We all recall that, and much of it is still there although one must peer through the smog to find it. But where did they go—those Rams? Those crowds of 100,000 or more? Those great names? Did the Rams really happen, or did we invent them as we invented Jack Carson and Vera Hruba Ralston? The answer is the Rams happened. They are happening yet. One does not hear so much about them, because they have stopped winning championships, not because they have stopped trying. Even today they have literally dozens of loyal fans.

To comprehend the puzzling Rams of today it is necessary to know something of the Rams of the past. Such a time that was, when they had the names and the ability to win three divisional championships in a row and tie for a fourth. It was glorious—testimonial dinners for sports writers, Bob married Jane, Van Brocklin was on the bench, Ron Waller married the breakfast-food heiress, Bob Hope never missed a game unless he was off cheering up the troops in Korea, Glenn Davis got engaged to Liz. Everybody had fun. Too much fun. Things were going too well. Power corrupts, and the Rams were so powerful that they were sinking under the weight of it. In pro football, power goes in cycles and not merely because of the college draft.

The Rams began humbly enough. They were organized in Cleveland in 1937 and lost 10 of their first 11 games. When Daniel F. Reeves and Fred Levy Jr.—names to remember in understanding the cycle of the Rams—bought the franchise in 1941, the team had risen to a 2-9 record. The next year Lieutenant Reeves and Major Levy went into the armed forces, and in 1943 Reeves bought out Levy's interest while the Rams were skipping a season because of the war. Reeves had already decided that the scouting of collegiate players should be done on a more substantial basis than by relying on the opinions of friends and football magazines. "There were four teams—New York, Green Bay, Chicago and Washington—that had been very successful and were getting a lot of information from their alumni," says Reeves. "So I determined that the information was worth something and I started paying money for it. I also hired a full-time scout."

Thus began professional football's scouting systems, which today employ hundreds of scouts, cost as much as $200,000 for one team in one year and occupy enough computers to do all the calculus homework in North America.

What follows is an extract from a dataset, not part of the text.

(* Let $I$ be a countably infinite set, $\lambda,\rho\colon I\to I$ bijections, and $E$ a non-trivial directed $\lambda,\rho$-weakly commutative generalized pseudo effect algebra. If the kite pseudo effect algebra $K^{\lambda,\rho}_I(E)$ satisfies RDP$_1$ and has a least non-trivial normal ideal, then $K^{\lambda,\rho}_I(E)$ is isomorphic to $K^{\mathrm{id},\rho'}_{\mathbb Z}(E)$, where $\rho'(i)=i-1$ for $i\in\mathbb Z$.
   Context: A generalized pseudo effect algebra (GPEA) is a structure $(E;+,0)$ with partial binary $+$ and constant $0$ such that for all $a,b,c$: (GP1) $a+b$ and $(a+b)+c$ exist iff $b+c$ and $a+(b+c)$ exist, and then they are equal; (GP2) if $a+b$ exists there are $d,e$ with $a+b=d+a=b+e$; (GP3) left and right cancellation; (GP4) $a+b=0$ implies $a=b=0$; (GP5) $a+0=0+a=a$. Non-trivial: $E\neq\{0\}$. Order: $a\le b$ iff $a+c=b$ for some $c$; for $a\le b$, $b\ominus_\ell a$ is the unique $d$ with $d+a=b$, $a\ominus_r b$ the unique $e$ with $a+e=b$. Directed: any two elements have a common upper bound. RDP$_1$: whenever $a_1+a_2=b_1+b_2$ there are $c_{11},c_{12},c_{21},c_{22}$ with $a_1=c_{11}+c_{12}$, $a_2=c_{21}+c_{22}$, $b_1=c_{11}+c_{21}$, $b_2=c_{12}+c_{22}$, such that $0\le x\le c_{12}$, $0\le y\le c_{21}$ imply $x+y=y+x$. An ideal is a non-empty subset closed under existing sums and downward closed; normal if $x+N=N+x$ for all $x$ ($x+N=\{x+y\colon y\in N,\ x+y\text{ defined}\}$, $N+x$ dually); non-trivial if $\neq\{0\}$; least non-trivial if contained in every non-trivial normal ideal. $\lambda,\rho$-weak commutativity: for all families $(f_j)$, $(a_i)$ in $E$ and all $i$: $f_{\rho^{-1}(i)}+a_i$ defined iff $a_i+f_{\lambda^{-1}(i)}$ defined, and $f_{\lambda^{-1}(i)}+a_i$ defined iff $a_i+f_{\rho^{-1}(i)}$ defined. Kite $K^{\lambda,\rho}_I(E)$ (a pseudo effect algebra): universe $E^I\uplus\overline E^I$, $\overline E=\{\bar a\colon a\in E\}$ a disjoint copy; $0=\langle 0\rangle$, $1=\langle\bar 0\rangle$; $\langle\bar a_i\rangle+\langle\bar b_i\rangle$ undefined; $\langle\bar a_i\colon i\in I\rangle+\langle f_j\colon j\in I\rangle=\langle\overline{f_{\rho^{-1}(i)}\ominus_r a_i}\rangle$ when $f_{\rho^{-1}(i)}\le a_i$ for all $i$; $\langle f_j\rangle+\langle\bar a_i\rangle=\langle\overline{a_i\ominus_\ell f_{\lambda^{-1}(i)}}\rangle$ when $f_{\lambda^{-1}(i)}\le a_i$ for all $i$; $\langle f_j\rangle+\langle g_j\rangle=\langle f_j+g_j\rangle$ when all coordinate sums are defined. Isomorphism means isomorphism of pseudo effect algebras. *)

theory Defs
  imports "HOL-Library.Countable"
begin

The Reeves system produced quickly. In 1945 Bob Waterfield, who had been a third-round draft choice as a future, became the Rams' T-formation rookie quarterback and won the NFL championship. In 1946 Reeves perceived that the population was moving westward—partly because of the industry that went west during the war and partly because of California's pre-smog and pre-motor-mania beauty—and he moved the Rams to Los Angeles to compete with the Dons of the now-defunct All-America Conference.

Perhaps one does not move from Cleveland to Los Angeles without being profoundly affected. One does not give up Lake Erie, Euclid Avenue, eight feet of snow, an occasional visit to Shaker Heights and accept instead the crashing Pacific, sunshine, orange trees, ladies pushing lawn mowers, Bing Crosby asking for a locker-room pass, without being penalized in one way or another. The West Coast was an entirely new way of looking at things. No chains on the tires. No antifreeze. Rather, one rolled over and staggered outdoors into the scent of oleander, crawled into the convertible and cruised among the palms, chummed with movie actors instead of the cop next door and became a different man, a Los Angeles Ram, not a Cleveland football player.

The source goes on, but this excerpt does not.